KUNCI SUKSES DUNIA DAN AKHIRAT

Sebagai seorang Muslim, seseorang meyakini bahwa kebahagian, ketentraman, dan kesuksesan hidup akan terasa apabila dapat memposisikan diri sesuai dengan kehendak Allah. Begitu juga dengan kesengsaraan, kesedihan, dan kegagalan akan terasa apabila seseorang menempatkan dirinya jauh dari kehendak Allah.  Dalam al-Qur’an dan Hadits dikatakan bahwa orang yang menempatkan dirinya sesuai dengan kehendak Allah maka dia akan beruntung dan sukses, sebaiknya orang yang menjauhkan diri dari Allah dan mengotori dirinya dengan kemaksiatan maka dia telah menghancurkan dirinya dan dia akan gagal bahkan rugi. Dalam firman-Nya dikatakan:

“Sesungguhnya beruntunglah orang yang mensucikan jiwa itu, dan sesungguhnya merugilah orang yang mengotorinya”. (Q.S. Asy-Syam [91]: 9-10).

Seorang Muslim meyakini Firman Allah tersebut, bahwa yang dapat mengotori, menodai, dan merusak jiwa adalah segala bentuk perbuatan dosa dan maksiat kepada Allah. Begitu juga sebaliknya, bahwa yang dapat membersihkan dan mensucikan, dan mesukseskan jiwa adalah segala kebaikan, ketaatan, dan amal shaleh kepada Allah. Lalu bagaimanakah cara agar diri seseorang itu selalu terjaga dari segala bentuk kerusakan dan kerugian sehingga dapat dikatakan suskses dunia akhirat? Menurut Syekh Abu Bakar jabir al-Jaza’ri dalam kitabnya Minhajul Muslim, yaitu diikat dan dibarengi dengan adab. Seperti sebelumnya telah dibahas mengenai pentingnya adab sesama Muslim agar persatuan dan keharmonisan serta silaturrahim tetap terjaga. Namun begitu juga dengan diri, harus ada adab terhadap diri sendiri, agar kehidupan dan jiwa merasa selalu berada dalam pengaawasan Allah.

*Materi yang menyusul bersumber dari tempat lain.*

definition hmult :: "nat \<Rightarrow> nat \<Rightarrow> 'k::comm_ring_1 \<Rightarrow> (bidx \<Rightarrow> 'k) \<Rightarrow> (bidx \<Rightarrow> 'k) \<Rightarrow> bidx \<Rightarrow> 'k" where
  "hmult n w \<gamma> f g = (\<lambda>t. \<Sum>s\<in>supp f. \<Sum>s'\<in>supp g. f s * g s' * bprod n w \<gamma> s s' t)"

definition hmult2 :: "nat \<Rightarrow> nat \<Rightarrow> 'k::comm_ring_1 \<Rightarrow> (bidx \<times> bidx \<Rightarrow> 'k) \<Rightarrow> (bidx \<times> bidx \<Rightarrow> 'k)
    \<Rightarrow> bidx \<times> bidx \<Rightarrow> 'k" where
  "hmult2 n w \<gamma> F G = (\<lambda>(t1, t2). \<Sum>(s1, s2)\<in>supp F. \<Sum>(r1, r2)\<in>supp G.
      F (s1, s2) * G (r1, r2) * bprod n w \<gamma> s1 r1 t1 * bprod n w \<gamma> s2 r2 t2)"

definition hmult3 :: "nat \<Rightarrow> nat \<Rightarrow> 'k::comm_ring_1 \<Rightarrow> (bidx \<times> bidx \<times> bidx \<Rightarrow> 'k)
    \<Rightarrow> (bidx \<times> bidx \<times> bidx \<Rightarrow> 'k) \<Rightarrow> bidx \<times> bidx \<times> bidx \<Rightarrow> 'k" where
  "hmult3 n w \<gamma> F G = (\<lambda>(t1, t2, t3). \<Sum>(s1, s2, s3)\<in>supp F. \<Sum>(r1, r2, r3)\<in>supp G.
      F (s1, s2, s3) * G (r1, r2, r3) * bprod n w \<gamma> s1 r1 t1 * bprod n w \<gamma> s2 r2 t2
        * bprod n w \<gamma> s3 r3 t3)"

definition tens2 :: "('a \<Rightarrow> 'k::times) \<Rightarrow> ('b \<Rightarrow> 'k) \<Rightarrow> 'a \<times> 'b \<Rightarrow> 'k" where
  "tens2 f g = (\<lambda>(t1, t2). f t1 * g t2)"

definition tens3 :: "('a \<Rightarrow> 'k::times) \<Rightarrow> ('b \<Rightarrow> 'k) \<Rightarrow> ('c \<Rightarrow> 'k) \<Rightarrow> 'a \<times> 'b \<times> 'c \<Rightarrow> 'k" where
  "tens3 f g h = (\<lambda>(t1, t2, t3). f t1 * g t2 * h t3)"

definition Hone :: "nat \<Rightarrow> nat \<Rightarrow> bidx \<Rightarrow> 'k::comm_ring_1" where "Hone n w = mono n w 0 0 0"
definition Hx :: "nat \<Rightarrow> nat \<Rightarrow> bidx \<Rightarrow> 'k::comm_ring_1" where "Hx n w = mono n w 1 0 0"
definition Hg :: "nat \<Rightarrow> nat \<Rightarrow> bidx \<Rightarrow> 'k::comm_ring_1" where "Hg n w = mono n w 0 1 0"
definition Hy :: "nat \<Rightarrow> nat \<Rightarrow> bidx \<Rightarrow> 'k::comm_ring_1" where "Hy n w = mono n w 0 0 1"

text \<open>Comultiplication on basis elements: Delta is an algebra map, Delta(x^k g^j) =
  x^k g^j (x) x^k g^j and Delta(y) = y (x) g + 1 (x) y.\<close>
definition Delta_b :: "nat \<Rightarrow> nat \<Rightarrow> 'k::comm_ring_1 \<Rightarrow> bidx \<Rightarrow> bidx \<times> bidx \<Rightarrow> 'k" where
  "Delta_b n w \<gamma> s = (case s of (k, j, l) \<Rightarrow>
     hmult2 n w \<gamma> (tens2 (mono n w k (int j) 0) (mono n w k (int j) 0))
       ((hmult2 n w \<gamma> (\<lambda>t. tens2 (Hy n w) (Hg n w) t + tens2 (Hone n w) (Hy n w) t) ^^ l)
          (tens2 (Hone n w) (Hone n w))))"

text \<open>Iterated comultiplication (Delta (x) id) o Delta on basis elements
  (again an algebra map): Delta2(y) = y (x) g (x) g + 1 (x) y (x) g + 1 (x) 1 (x) y.\<close>
definition Delta2_b :: "nat \<Rightarrow> nat \<Rightarrow> 'k::comm_ring_1 \<Rightarrow> bidx \<Rightarrow> bidx \<times> bidx \<times> bidx \<Rightarrow> 'k" where
  "Delta2_b n w \<gamma> s = (case s of (k, j, l) \<Rightarrow>
     hmult3 n w \<gamma> (tens3 (mono n w k (int j) 0) (mono n w k (int j) 0) (mono n w k (int j) 0))
       ((hmult3 n w \<gamma> (\<lambda>t. tens3 (Hy n w) (Hg n w) (Hg n w) t + tens3 (Hone n w) (Hy n w) (Hg n w) t
                        + tens3 (Hone n w) (Hone n w) (Hy n w) t) ^^ l)
          (tens3 (Hone n w) (Hone n w) (Hone n w))))"

definition Delta2 :: "nat \<Rightarrow> nat \<Rightarrow> 'k::comm_ring_1 \<Rightarrow> (bidx \<Rightarrow> 'k) \<Rightarrow> bidx \<times> bidx \<times> bidx \<Rightarrow> 'k" where
  "Delta2 n w \<gamma> h = (\<lambda>t. \<Sum>s\<in>supp h. h s * Delta2_b n w \<gamma> s t)"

Adab seorang muslim terhadap dirinya yang perlu diketahui serta diaplikasikan dalam kehidupan sehari-hari agar mencapai kesuksesan dunia akhirat setidaknya ada empat poin, yaitu:

  • Taubat

Taubat secara etimologis memiliki pengertian kembali. Dalam terminologi syariat Islam yang dimaksud dengan kembali adalah kembali dari perbuatan menjauhi Allah kepada perbuatan yang mendekatkan diri kepada-Nya. kemudian dalam pengertian yang lain, kata taubat mendapat tambahan kata nasuha (at-taubata an-Nashuha) atau sering dikenal dengan istilah taubat nasuha. Kata ini menurut Anas Ismail Abu Daud dalam kitabnya Dalilu As-Sailina, memiliki pengertian berhenti melakukan dosa sekarang, menyesali dosa yang telah dilakukan kemarin, dan bertekad sungguh-sungguh untuk tidak melakukannya lagi di kemudian hari. pendapat ini dipertegas oleh firman Allah yaitu:

“Hai orang-orang yang beriman, bertaubatlah kepada Allah dengan taubatan nasuhaa (taubat yang semurni-murninya). Mudah-mudahan Rabbmu akan menutupi kesalahan-kesalahanmu dan memasukkanmu ke dalam jannah yang mengalir di bawahnya sungai-sungai”. (Q.S. At-Tahrim [66]: 8).

Firman Allah di atas menginformasikan kepada orang-orang yang beriman, kita ia berbuat kesalahan, hendaklah ia segera memohon ampun kepada Allah dan berjanji tidak akan mengulangi kesalahan atau perbuatan dosa tersebut. Rasulullah bertaubat seratus kali dalam sehari, sebagaimana sabdanya:

Wahai sekalian manusia. Taubatlah (beristigfar) kepada Allah karena aku selalu bertaubat kepada-Nya dalam sehari sebanyak 100 kali”. (H.R. Muslim, no. 2702).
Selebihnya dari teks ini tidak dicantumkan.